• **TASK STATEMENT**
Retype, word for word, every line of the records below starting at the one that contains "using letter_step_relation[of R" and ending at the one that contains "True) R \<le>"; include both of those lines and nothing more.
━━━━━━━━━━━━━━━━
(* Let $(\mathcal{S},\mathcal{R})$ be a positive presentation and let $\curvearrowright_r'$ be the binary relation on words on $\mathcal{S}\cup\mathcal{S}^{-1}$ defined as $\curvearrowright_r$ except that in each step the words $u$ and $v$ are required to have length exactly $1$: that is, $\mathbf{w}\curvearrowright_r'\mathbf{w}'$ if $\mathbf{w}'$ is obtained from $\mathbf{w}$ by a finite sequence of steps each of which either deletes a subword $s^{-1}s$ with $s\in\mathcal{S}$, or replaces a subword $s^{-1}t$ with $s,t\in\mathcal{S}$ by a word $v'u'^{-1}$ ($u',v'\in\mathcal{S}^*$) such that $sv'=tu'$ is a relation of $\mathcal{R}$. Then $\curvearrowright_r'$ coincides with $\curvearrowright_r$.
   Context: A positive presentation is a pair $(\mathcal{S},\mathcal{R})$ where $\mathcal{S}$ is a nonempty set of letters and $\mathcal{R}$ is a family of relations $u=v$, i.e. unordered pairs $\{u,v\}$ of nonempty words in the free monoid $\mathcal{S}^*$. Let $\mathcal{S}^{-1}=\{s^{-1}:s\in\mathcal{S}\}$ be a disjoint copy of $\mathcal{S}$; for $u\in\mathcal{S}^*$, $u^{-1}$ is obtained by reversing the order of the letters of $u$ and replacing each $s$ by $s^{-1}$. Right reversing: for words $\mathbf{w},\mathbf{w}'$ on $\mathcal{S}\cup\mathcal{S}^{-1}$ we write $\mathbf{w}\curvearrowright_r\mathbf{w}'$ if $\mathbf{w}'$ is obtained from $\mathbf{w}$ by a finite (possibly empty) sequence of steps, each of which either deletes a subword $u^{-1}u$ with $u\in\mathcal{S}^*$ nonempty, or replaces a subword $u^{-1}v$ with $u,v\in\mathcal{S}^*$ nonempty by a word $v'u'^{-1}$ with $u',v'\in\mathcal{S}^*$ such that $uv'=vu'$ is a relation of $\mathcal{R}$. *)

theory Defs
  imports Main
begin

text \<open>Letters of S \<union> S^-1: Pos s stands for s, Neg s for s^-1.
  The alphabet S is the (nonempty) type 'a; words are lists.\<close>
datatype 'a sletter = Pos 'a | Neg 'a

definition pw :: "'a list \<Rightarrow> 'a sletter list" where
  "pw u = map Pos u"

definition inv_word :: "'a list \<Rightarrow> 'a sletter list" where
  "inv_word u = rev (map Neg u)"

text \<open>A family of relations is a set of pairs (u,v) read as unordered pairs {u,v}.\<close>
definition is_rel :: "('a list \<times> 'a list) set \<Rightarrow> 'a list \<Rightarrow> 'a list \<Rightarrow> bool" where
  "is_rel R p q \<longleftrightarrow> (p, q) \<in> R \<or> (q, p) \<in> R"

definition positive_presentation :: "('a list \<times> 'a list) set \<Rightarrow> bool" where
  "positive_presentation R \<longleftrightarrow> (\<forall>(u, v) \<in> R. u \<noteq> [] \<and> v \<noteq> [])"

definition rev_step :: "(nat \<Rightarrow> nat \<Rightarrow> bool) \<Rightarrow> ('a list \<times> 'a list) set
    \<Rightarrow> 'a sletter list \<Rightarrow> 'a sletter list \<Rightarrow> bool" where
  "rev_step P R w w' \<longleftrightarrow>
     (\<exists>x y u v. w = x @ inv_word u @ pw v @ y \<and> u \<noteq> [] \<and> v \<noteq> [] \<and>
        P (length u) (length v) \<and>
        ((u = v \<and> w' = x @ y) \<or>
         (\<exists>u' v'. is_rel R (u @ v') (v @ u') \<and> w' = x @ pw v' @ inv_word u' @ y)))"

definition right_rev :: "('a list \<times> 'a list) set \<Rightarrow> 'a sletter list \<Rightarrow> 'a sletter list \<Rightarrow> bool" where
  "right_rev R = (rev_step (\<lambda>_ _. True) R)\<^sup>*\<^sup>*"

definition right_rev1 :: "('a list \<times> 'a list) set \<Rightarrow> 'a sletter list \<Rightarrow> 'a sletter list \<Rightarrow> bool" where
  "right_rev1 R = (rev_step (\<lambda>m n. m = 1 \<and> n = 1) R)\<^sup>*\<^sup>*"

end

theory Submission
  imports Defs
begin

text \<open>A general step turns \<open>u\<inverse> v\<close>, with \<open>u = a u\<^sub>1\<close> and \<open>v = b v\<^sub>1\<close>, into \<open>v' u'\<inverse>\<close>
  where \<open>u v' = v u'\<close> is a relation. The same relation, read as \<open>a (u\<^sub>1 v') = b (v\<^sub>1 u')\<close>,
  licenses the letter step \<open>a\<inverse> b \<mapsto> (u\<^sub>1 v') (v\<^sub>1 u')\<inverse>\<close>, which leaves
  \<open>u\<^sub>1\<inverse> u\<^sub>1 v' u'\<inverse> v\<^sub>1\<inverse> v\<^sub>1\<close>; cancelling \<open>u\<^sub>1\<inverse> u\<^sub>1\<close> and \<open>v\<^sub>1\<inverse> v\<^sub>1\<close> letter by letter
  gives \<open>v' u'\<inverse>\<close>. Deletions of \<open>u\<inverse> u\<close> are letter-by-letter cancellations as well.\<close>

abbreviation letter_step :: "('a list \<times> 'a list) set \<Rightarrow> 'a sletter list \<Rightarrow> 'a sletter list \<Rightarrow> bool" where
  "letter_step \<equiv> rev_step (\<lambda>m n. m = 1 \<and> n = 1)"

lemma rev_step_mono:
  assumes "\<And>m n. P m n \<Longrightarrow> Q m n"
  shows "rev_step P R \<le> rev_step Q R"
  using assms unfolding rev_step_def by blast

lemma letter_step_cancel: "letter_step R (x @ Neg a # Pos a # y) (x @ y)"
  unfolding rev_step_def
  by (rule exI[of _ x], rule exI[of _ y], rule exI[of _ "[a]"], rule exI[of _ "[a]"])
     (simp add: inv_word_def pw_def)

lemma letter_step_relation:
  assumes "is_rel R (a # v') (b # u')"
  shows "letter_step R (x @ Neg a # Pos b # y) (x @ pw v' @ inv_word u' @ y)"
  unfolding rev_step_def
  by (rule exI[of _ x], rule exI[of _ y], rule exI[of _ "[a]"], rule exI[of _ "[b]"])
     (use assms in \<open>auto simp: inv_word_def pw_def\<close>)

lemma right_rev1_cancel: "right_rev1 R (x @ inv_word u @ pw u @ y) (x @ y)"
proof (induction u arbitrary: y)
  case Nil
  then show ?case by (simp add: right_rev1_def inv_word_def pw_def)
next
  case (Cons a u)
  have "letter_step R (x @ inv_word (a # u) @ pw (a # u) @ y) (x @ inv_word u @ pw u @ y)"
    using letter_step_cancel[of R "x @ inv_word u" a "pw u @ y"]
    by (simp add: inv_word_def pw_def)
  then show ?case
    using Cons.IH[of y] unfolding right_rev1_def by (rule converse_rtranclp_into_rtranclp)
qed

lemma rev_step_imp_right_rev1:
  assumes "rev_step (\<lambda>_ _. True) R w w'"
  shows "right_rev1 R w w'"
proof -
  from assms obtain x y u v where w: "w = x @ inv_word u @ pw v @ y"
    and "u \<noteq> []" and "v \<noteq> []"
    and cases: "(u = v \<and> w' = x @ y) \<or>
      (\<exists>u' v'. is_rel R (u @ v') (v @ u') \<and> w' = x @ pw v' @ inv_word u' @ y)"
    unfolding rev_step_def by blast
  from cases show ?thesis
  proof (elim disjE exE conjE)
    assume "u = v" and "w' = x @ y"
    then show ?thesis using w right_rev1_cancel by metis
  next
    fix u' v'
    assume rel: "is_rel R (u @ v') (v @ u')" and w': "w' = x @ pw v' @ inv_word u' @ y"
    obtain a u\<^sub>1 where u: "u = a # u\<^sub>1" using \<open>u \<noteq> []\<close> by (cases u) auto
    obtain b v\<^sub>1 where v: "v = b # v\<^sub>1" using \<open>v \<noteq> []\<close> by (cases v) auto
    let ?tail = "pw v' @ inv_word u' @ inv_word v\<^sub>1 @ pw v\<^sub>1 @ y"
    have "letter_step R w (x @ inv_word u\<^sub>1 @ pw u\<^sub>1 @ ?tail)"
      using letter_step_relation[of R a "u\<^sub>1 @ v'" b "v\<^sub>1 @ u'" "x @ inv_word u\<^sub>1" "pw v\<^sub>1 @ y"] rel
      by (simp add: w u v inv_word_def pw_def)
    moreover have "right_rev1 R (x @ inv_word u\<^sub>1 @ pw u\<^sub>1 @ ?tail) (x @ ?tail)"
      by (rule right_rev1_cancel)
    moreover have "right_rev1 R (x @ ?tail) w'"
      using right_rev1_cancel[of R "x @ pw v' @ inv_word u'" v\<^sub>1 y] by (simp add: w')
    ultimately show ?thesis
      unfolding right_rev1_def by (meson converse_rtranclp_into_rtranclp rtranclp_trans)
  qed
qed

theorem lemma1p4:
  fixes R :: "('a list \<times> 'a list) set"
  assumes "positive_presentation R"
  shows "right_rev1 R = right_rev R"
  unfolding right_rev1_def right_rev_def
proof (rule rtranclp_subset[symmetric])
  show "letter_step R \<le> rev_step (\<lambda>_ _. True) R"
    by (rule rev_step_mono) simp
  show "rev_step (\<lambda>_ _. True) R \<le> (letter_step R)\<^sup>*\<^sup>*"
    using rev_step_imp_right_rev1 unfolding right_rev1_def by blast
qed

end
━━━━━━━━━━━━━━━━
• **RESULT BELOW**
      using letter_step_relation[of R a "u\<^sub>1 @ v'" b "v\<^sub>1 @ u'" "x @ inv_word u\<^sub>1" "pw v\<^sub>1 @ y"] rel
      by (simp add: w u v inv_word_def pw_def)
    moreover have "right_rev1 R (x @ inv_word u\<^sub>1 @ pw u\<^sub>1 @ ?tail) (x @ ?tail)"
      by (rule right_rev1_cancel)
    moreover have "right_rev1 R (x @ ?tail) w'"
      using right_rev1_cancel[of R "x @ pw v' @ inv_word u'" v\<^sub>1 y] by (simp add: w')
    ultimately show ?thesis
      unfolding right_rev1_def by (meson converse_rtranclp_into_rtranclp rtranclp_trans)
  qed
qed

theorem lemma1p4:
  fixes R :: "('a list \<times> 'a list) set"
  assumes "positive_presentation R"
  shows "right_rev1 R = right_rev R"
  unfolding right_rev1_def right_rev_def
proof (rule rtranclp_subset[symmetric])
  show "letter_step R \<le> rev_step (\<lambda>_ _. True) R"
    by (rule rev_step_mono) simp
  show "rev_step (\<lambda>_ _. True) R \<le> (letter_step R)\<^sup>*\<^sup>*"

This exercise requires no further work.